Verify for unknown architecture fields #241

PicoCentauri · 2024-06-10T14:26:30Z

Partly closes #168 since for now I only added a verification for the architecture hypers using a function check_architecture_options. For the checking the dataset it is a bit more complicated because the yaml layout is very flexible. I think it is doable but also to keep the PR a bit smaller I will do this in another run.

While touching the code I also moved the check_options_list inside the dataset expansion because these two functions always will be called together.
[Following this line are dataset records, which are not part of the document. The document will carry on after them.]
(* Every almost zero-dimensional space that is rim-$\sigma$-compact, or that is rational, is zero-dimensional.
   Context: All spaces are separable and metrizable. A subset $A$ of $X$ is a C-set in $X$ if it is an intersection of clopen subsets of $X$. $X$ is almost zero-dimensional if every point has a neighborhood basis consisting of C-sets in $X$. $X$ is rim-$\sigma$-compact if it has a basis of open sets with $\sigma$-compact boundaries, and rational if it has a basis of open sets with countable boundaries. *)

theory Defs
  imports "HOL-Analysis.Analysis"
begin

definition C_set :: "'a topology \<Rightarrow> 'a set \<Rightarrow> bool" where
  "C_set X A \<longleftrightarrow>
     (\<exists>\<U>. (\<forall>U\<in>\<U>. closedin X U \<and> openin X U) \<and> A = topspace X \<inter> \<Inter>\<U>)"

definition almost_zero_dimensional :: "'a topology \<Rightarrow> bool" where
  "almost_zero_dimensional X \<longleftrightarrow> neighbourhood_base_of (C_set X) X"

definition sigma_compactin :: "'a topology \<Rightarrow> 'a set \<Rightarrow> bool" where
  "sigma_compactin X S \<longleftrightarrow>
     (\<exists>\<K>. countable \<K> \<and> (\<forall>K\<in>\<K>. compactin X K) \<and> \<Union>\<K> = S)"

definition rim_sigma_compact :: "'a topology \<Rightarrow> bool" where
  "rim_sigma_compact X \<longleftrightarrow>
     (\<exists>\<B>. (\<forall>B\<in>\<B>. openin X B \<and> sigma_compactin X (X frontier_of B)) \<and>
          (\<forall>U x. openin X U \<and> x \<in> U \<longrightarrow> (\<exists>B\<in>\<B>. x \<in> B \<and> B \<subseteq> U)))"

definition rational_space :: "'a topology \<Rightarrow> bool" where
  "rational_space X \<longleftrightarrow>
     (\<exists>\<B>. (\<forall>B\<in>\<B>. openin X B \<and> countable (X frontier_of B)) \<and>
          (\<forall>U x. openin X U \<and> x \<in> U \<longrightarrow> (\<exists>B\<in>\<B>. x \<in> B \<and> B \<subseteq> U)))"

end

theory Submission
  imports Defs
begin

text \<open>Let \<open>x \<in> B\<close> with \<open>B\<close> open and \<open>X frontier_of B = (\<Union>n. K n)\<close>, each \<open>K n\<close> compact.
  By almost zero-dimensionality and second countability, \<open>B\<close> is covered by open sets
  \<open>e i \<subseteq> A i \<subseteq> B\<close> with \<open>A i\<close> a C-set. A compact set disjoint from a C-set is separated
  from it by a clopen set, so there are clopen \<open>R n \<supseteq> K n\<close> missing \<open>A 0, \<dots>, A n\<close>.
  Each \<open>e i\<close> meets only \<open>R 0, \<dots>, R (i - 1)\<close>, so \<open>B - (\<Union>n. R n)\<close> is open; it is
  closed because the \<open>R n\<close> cover the frontier of \<open>B\<close>. Letting every \<open>R n\<close> also miss
  the \<open>A i\<close> containing \<open>x\<close> yields a clopen neighbourhood of \<open>x\<close> inside \<open>B\<close>.
  Rational spaces are rim-\<open>\<sigma>\<close>-compact because countable sets are \<open>\<sigma>\<close>-compact.\<close>

lemma metrizable_separable_imp_second_countable:
  assumes "metrizable_space X" "separable_space X"
  shows "second_countable X"
proof -
  obtain M d where md: "Metric_space M d" and X: "X = Metric_space.mtopology M d"
    using assms(1) metrizable_space_def by blast
  interpret Metric_space M d by (rule md)
  obtain C where C: "countable C" "C \<subseteq> M" "mtopology closure_of C = M"
    using assms(2) unfolding separable_space_def X by auto
  define \<B> where "\<B> = (\<lambda>(c,n::nat). mball c (1 / Suc n)) ` (C \<times> UNIV)"
  have "\<exists>V\<in>\<B>. x \<in> V \<and> V \<subseteq> U" if U: "openin mtopology U" "x \<in> U" for U x
  proof -
    have xM: "x \<in> M" using U openin_subset by fastforce
    obtain r where r: "r > 0" "mball x r \<subseteq> U" using U unfolding openin_mtopology by blast
    obtain n :: nat where n: "1 / real (Suc n) < r/2"
      using reals_Archimedean[of "r/2"] r(1) by (auto simp: inverse_eq_divide)
    have "\<forall>e>0. \<exists>y\<in>C. y \<in> mball x e"
      using C(3) xM unfolding metric_closure_of by blast
    moreover have "(0::real) < 1 / real (Suc n)" by simp
    ultimately obtain c where c: "c \<in> C" "c \<in> mball x (1 / Suc n)" by blast
    have "x \<in> mball c (1 / Suc n)" using c xM commute by auto
    moreover have "mball c (1 / Suc n) \<subseteq> mball x r"
      by (rule mball_subset) (use c n xM commute[of c x] in auto)
    moreover have "mball c (1 / Suc n) \<in> \<B>" unfolding \<B>_def using c by auto
    ultimately show ?thesis using r by blast
  qed
  moreover have "countable \<B>" unfolding \<B>_def using C(1) by auto
  moreover have "\<forall>V\<in>\<B>. openin mtopology V" unfolding \<B>_def by auto
  ultimately show ?thesis
    unfolding second_countable_def X by blast
qed

lemma countable_imp_sigma_compactin:
  assumes "countable S" "S \<subseteq> topspace X"
  shows "sigma_compactin X S"
  unfolding sigma_compactin_def
  by (rule exI[of _ "(\<lambda>s. {s}) ` S"]) (use assms in auto)

lemma rational_imp_rim_sigma_compact:
  assumes "rational_space X"
  shows "rim_sigma_compact X"
  using assms countable_imp_sigma_compactin frontier_of_subset_topspace
  unfolding rational_space_def rim_sigma_compact_def by meson

lemma sigma_compactin_nat_Union:
  assumes "sigma_compactin X S"
  obtains K :: "nat \<Rightarrow> 'a set" where "\<And>n. compactin X (K n)" "S = (\<Union>n. K n)"
proof -
  obtain \<K> where \<K>: "countable \<K>" "\<forall>K\<in>\<K>. compactin X K" "\<Union>\<K> = S"
    using assms unfolding sigma_compactin_def by blast
  let ?K = "from_nat_into (insert {} \<K>)"
  have range: "range ?K = insert {} \<K>" using \<K>(1) by simp
  show thesis
  proof
    show "compactin X (?K n)" for n
      using range \<K>(2) by (metis compactin_empty insertE rangeI)
    show "S = (\<Union>n. ?K n)" using range \<K>(3) by simp
  qed
qed

lemma C_set_empty: "C_set X {}"
  unfolding C_set_def by (rule exI[of _ "{{}}"]) auto

lemma compactin_clopen_separation_from_C_set:
  assumes "compactin X K" "C_set X S" "K \<inter> S = {}"
  obtains R where "closedin X R" "openin X R" "K \<subseteq> R" "R \<inter> S = {}"
proof -
  obtain \<U> where \<U>: "\<forall>U\<in>\<U>. closedin X U \<and> openin X U" "S = topspace X \<inter> \<Inter>\<U>"
    using assms(2) unfolding C_set_def by blast
  have K: "K \<subseteq> topspace X" using assms(1) compactin_subset_topspace by blast
  define \<V> where "\<V> = (\<lambda>U. topspace X - U) ` \<U>"
  have \<V>: "\<forall>V\<in>\<V>. closedin X V \<and> openin X V" unfolding \<V>_def using \<U>(1) by blast
  have "K \<subseteq> \<Union>\<V>" using assms(3) \<U>(2) K unfolding \<V>_def by blast
  then obtain \<F> where \<F>: "finite \<F>" "\<F> \<subseteq> \<V>" "K \<subseteq> \<Union>\<F>"
    using assms(1) \<V> unfolding compactin_def by meson
  show thesis
  proof
    show "closedin X (\<Union>\<F>)" using \<F> \<V> by (intro closedin_Union) auto
    show "openin X (\<Union>\<F>)" using \<F> \<V> by (intro openin_Union) auto
    show "\<Union>\<F> \<inter> S = {}" using \<F>(2) \<U>(2) unfolding \<V>_def by blast
  qed (use \<F> in blast)
qed

lemma open_nat_Union_C_set_nbhds:
  assumes "second_countable X" "almost_zero_dimensional X" "openin X B"
  obtains e A :: "nat \<Rightarrow> 'a set"
  where "\<And>i. openin X (e i)" "\<And>i. C_set X (A i)" "\<And>i. e i \<subseteq> A i" "\<And>i. A i \<subseteq> B"
    "B = (\<Union>i. e i)"
proof -
  obtain \<B> where \<B>: "countable \<B>" "\<forall>V\<in>\<B>. openin X V"
    "\<forall>U x. openin X U \<and> x \<in> U \<longrightarrow> (\<exists>V\<in>\<B>. x \<in> V \<and> V \<subseteq> U)"
    using assms(1) unfolding second_countable_def by blast
  define \<C> where "\<C> = insert {} {b \<in> \<B>. \<exists>A. C_set X A \<and> b \<subseteq> A \<and> A \<subseteq> B}"
  have "\<forall>b\<in>\<C>. \<exists>A. C_set X A \<and> b \<subseteq> A \<and> A \<subseteq> B"
    unfolding \<C>_def using C_set_empty by blast
  then obtain Af where Af: "\<forall>b\<in>\<C>. C_set X (Af b) \<and> b \<subseteq> Af b \<and> Af b \<subseteq> B"
    by (rule bchoice[elim_format]) blast
  have "countable \<C>"
    unfolding \<C>_def by (intro countable_insert countable_subset[OF _ \<B>(1)]) blast
  then have range: "range (from_nat_into \<C>) = \<C>" by (simp add: \<C>_def)
  have "y \<in> \<Union>\<C>" if "y \<in> B" for y
  proof -
    have "neighbourhood_base_of (C_set X) X"
      using assms(2) unfolding almost_zero_dimensional_def .
    then obtain V A where "openin X V" "C_set X A" "y \<in> V" "V \<subseteq> A" "A \<subseteq> B"
      using assms(3) \<open>y \<in> B\<close> unfolding neighbourhood_base_of by meson
    moreover obtain b where "b \<in> \<B>" "y \<in> b" "b \<subseteq> V"
      using \<B>(3) \<open>openin X V\<close> \<open>y \<in> V\<close> by blast
    ultimately have "b \<in> \<C>" unfolding \<C>_def by blast
    with \<open>y \<in> b\<close> show ?thesis by blast
  qed
  moreover have "\<Union>\<C> \<subseteq> B" using Af by blast
  ultimately have "B = \<Union>\<C>" by blast
  show thesis
  proof
    fix i
    have "from_nat_into \<C> i \<in> \<C>" using range by blast
    then show "openin X (from_nat_into \<C> i)" using \<B>(2) unfolding \<C>_def by auto
    show "C_set X (Af (from_nat_into \<C> i))" "from_nat_into \<C> i \<subseteq> Af (from_nat_into \<C> i)"
      "Af (from_nat_into \<C> i) \<subseteq> B"
      using Af \<open>from_nat_into \<C> i \<in> \<C>\<close> by blast+
  next
    show "B = (\<Union>i. from_nat_into \<C> i)" using \<open>B = \<Union>\<C>\<close> range by simp
  qed
qed

lemma clopen_diff_Union_clopen_frontier_cover:
  fixes R e :: "nat \<Rightarrow> 'a set"
  assumes "openin X B" "X frontier_of B \<subseteq> (\<Union>n. R n)"
    and R: "\<And>n. closedin X (R n)" "\<And>n. openin X (R n)"
    and e: "\<And>i. openin X (e i)" "B \<subseteq> (\<Union>i. e i)" "\<And>i n. i \<le> n \<Longrightarrow> R n \<inter> e i = {}"
  shows "closedin X (B - (\<Union>n. R n))" "openin X (B - (\<Union>n. R n))"
proof -
  define W where "W = B - (\<Union>n. R n)"
  have "\<exists>T. openin X T \<and> y \<in> T \<and> T \<subseteq> W" if "y \<in> W" for y
  proof -
    obtain i where i: "y \<in> e i" using \<open>y \<in> W\<close> e(2) unfolding W_def by blast
    define T where "T = (e i \<inter> B) - \<Union>(R ` {..<i})"
    have "openin X T"
      unfolding T_def using assms(1) e(1) R(1)
      by (intro openin_diff openin_Int closedin_Union finite_imageI) auto
    moreover have "T \<subseteq> W"
      unfolding T_def W_def using e(3)[of i] not_less by blast
    ultimately show ?thesis using that i unfolding T_def W_def by blast
  qed
  then have "openin X W" by (subst openin_subopen) blast
  then show "openin X (B - (\<Union>n. R n))" unfolding W_def .
  have B: "B \<subseteq> X closure_of B" "B \<subseteq> topspace X"
    using openin_subset[OF assms(1)] closure_of_subset by auto
  have closure: "X closure_of B \<subseteq> B \<union> (\<Union>n. R n)"
    using assms(2) frontier_of_openin[OF assms(1)] by auto
  have "topspace X - W = (\<Union>n. R n) \<union> (topspace X - X closure_of B)"
  proof (intro equalityI subsetI)
    fix y assume y: "y \<in> topspace X - W"
    show "y \<in> (\<Union>n. R n) \<union> (topspace X - X closure_of B)"
    proof (cases "y \<in> (\<Union>n. R n)")
      case False
      then have "y \<notin> X closure_of B" using y closure unfolding W_def by blast
      then show ?thesis using y by blast
    qed blast
  next
    fix y assume "y \<in> (\<Union>n. R n) \<union> (topspace X - X closure_of B)"
    moreover have "(\<Union>n. R n) \<subseteq> topspace X" using openin_subset[OF R(2)] by blast
    ultimately show "y \<in> topspace X - W" using B(1) unfolding W_def by blast
  qed
  moreover have "openin X ((\<Union>n. R n) \<union> (topspace X - X closure_of B))"
    using R(2) by (intro openin_Un openin_Union openin_diff) auto
  ultimately show "closedin X (B - (\<Union>n. R n))"
    unfolding closedin_def W_def using B by auto
qed

lemma clopen_nbhd_in_open_with_sigma_compact_frontier:
  assumes "second_countable X" "almost_zero_dimensional X"
    and "openin X B" "sigma_compactin X (X frontier_of B)" "x \<in> B"
  obtains W where "closedin X W" "openin X W" "x \<in> W" "W \<subseteq> B"
proof -
  obtain e A :: "nat \<Rightarrow> 'a set"
    where eA: "\<And>i. openin X (e i)" "\<And>i. C_set X (A i)" "\<And>i. e i \<subseteq> A i"
      "\<And>i. A i \<subseteq> B" "B = (\<Union>i. e i)"
    using open_nat_Union_C_set_nbhds[OF assms(1-3)] by blast
  obtain K :: "nat \<Rightarrow> 'a set" where K: "\<And>n. compactin X (K n)" "X frontier_of B = (\<Union>n. K n)"
    using sigma_compactin_nat_Union[OF assms(4)] by blast
  obtain j where j: "x \<in> e j" using assms(5) eA(5) by blast
  have "X frontier_of B \<inter> B = {}"
    unfolding frontier_of_openin[OF assms(3)] by blast
  then have "K n \<inter> A i = {}" for n i
    using K(2) eA(4)[of i] by blast
  then have separation:
    "\<exists>R. closedin X R \<and> openin X R \<and> K n \<subseteq> R \<and> R \<inter> A i = {}" for n i
    by (meson K(1) eA(2) compactin_clopen_separation_from_C_set)
  define Rf where "Rf n i = (SOME R. closedin X R \<and> openin X R \<and> K n \<subseteq> R \<and> R \<inter> A i = {})"
    for n i
  have Rf: "closedin X (Rf n i) \<and> openin X (Rf n i) \<and> K n \<subseteq> Rf n i \<and> Rf n i \<inter> A i = {}"
    for n i
    unfolding Rf_def by (rule someI_ex[OF separation])
  text \<open>Intersecting also with \<open>Rf n j\<close> keeps every \<open>R n\<close> away from \<open>x\<close>.\<close>
  define R where "R n = \<Inter>(Rf n ` insert j {..n})" for n
  have "closedin X (R n)" for n
    unfolding R_def by (rule closedin_Inter) (use Rf in auto)
  moreover have "openin X (R n)" for n
    unfolding R_def by (rule openin_Inter) (use Rf in auto)
  ultimately have R: "\<And>n. closedin X (R n)" "\<And>n. openin X (R n)" .
  have K_R: "K n \<subseteq> R n" for n
    unfolding R_def by (intro INF_greatest) (use Rf in blast)
  have frontier: "X frontier_of B \<subseteq> (\<Union>n. R n)"
    unfolding K(2) by (intro UN_mono) (auto simp: K_R)
  have R_A: "R n \<inter> A i = {}" if "i \<le> n \<or> i = j" for n i
  proof -
    have "R n \<subseteq> Rf n i" unfolding R_def using that by (intro INF_lower) auto
    then show ?thesis using Rf[of n i] by blast
  qed
  have "R n \<inter> e i = {}" if "i \<le> n" for n i
    using R_A[of i n] eA(3)[of i] that by blast
  note W = clopen_diff_Union_clopen_frontier_cover[OF assms(3) frontier R eA(1) equalityD1[OF eA(5)] this]
  show thesis
  proof
    show "closedin X (B - (\<Union>n. R n))" "openin X (B - (\<Union>n. R n))"
      using W by blast+
    show "x \<in> B - (\<Union>n. R n)" using assms(5) j eA(3)[of j] R_A by blast
  qed blast
qed

lemma rim_sigma_compact_imp_dim_le_0:
  assumes "second_countable X" "almost_zero_dimensional X" "rim_sigma_compact X"
  shows "X dim_le 0"
  unfolding dimension_le_0_neighbourhood_base_of_clopen neighbourhood_base_of
proof (intro allI impI)
  fix U x assume "openin X U \<and> x \<in> U"
  then obtain B where B: "openin X B" "sigma_compactin X (X frontier_of B)" "x \<in> B" "B \<subseteq> U"
    using assms(3) unfolding rim_sigma_compact_def by meson
  obtain W where "closedin X W" "openin X W" "x \<in> W" "W \<subseteq> B"
    using clopen_nbhd_in_open_with_sigma_compact_frontier[OF assms(1,2) B(1-3)] by blast
  with B(4)
  show "\<exists>U' V. openin X U' \<and> (closedin X V \<and> openin X V) \<and> x \<in> U' \<and> U' \<subseteq> V \<and> V \<subseteq> U"
    by blast
qed

theorem corollary4p6:
  fixes X :: "'a topology"
  assumes "metrizable_space X" and "separable_space X"
    and "almost_zero_dimensional X"
    and "rim_sigma_compact X \<or> rational_space X"
  shows "X dim_le 0"
  using rim_sigma_compact_imp_dim_le_0 metrizable_separable_imp_second_countable
    rational_imp_rim_sigma_compact assms by blast

end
Also, there was no test if the written option_restart.yaml is actually a valid input to start another training run.

Contributor (creator of pull-request) checklist

Tests updated (for new features and bugfixes)?
Documentation updated (for new features)?
Issue referenced (for PRs that solve an issue)?

📚 Documentation preview 📚: https://metatrain--241.org.readthedocs.build/en/241/

src/metatrain/utils/omegaconf.py

frostedoyster · 2024-06-11T10:33:31Z

Thanks a lot for the work.
I tried this branch but I'm still finding some issues in practice:

architecture:
  name: experimental.soap_bpnn
  training:
    batch_size: 2
    num_epoch: 1

training_set:
  systems:
    read_from: qm9_reduced_100.xyz
    length_unit: angstrom
  targets:
    energy:
      key: U0
      unit: eV

test_set: 0.5
validation_set: 0.1

With this config, we would like to see an error (the key is supposed to be num_epochs, not num_epoch).
This config results in training for 100 epochs (the default for SOAP-BPNN). No warnings or errors

PicoCentauri · 2024-06-11T12:10:49Z

Interesting let me check this again.

src/metatrain/utils/omegaconf.py

PicoCentauri · 2024-06-12T06:34:00Z

I fixed checking the options you posted @frostedoyster and added them as a test.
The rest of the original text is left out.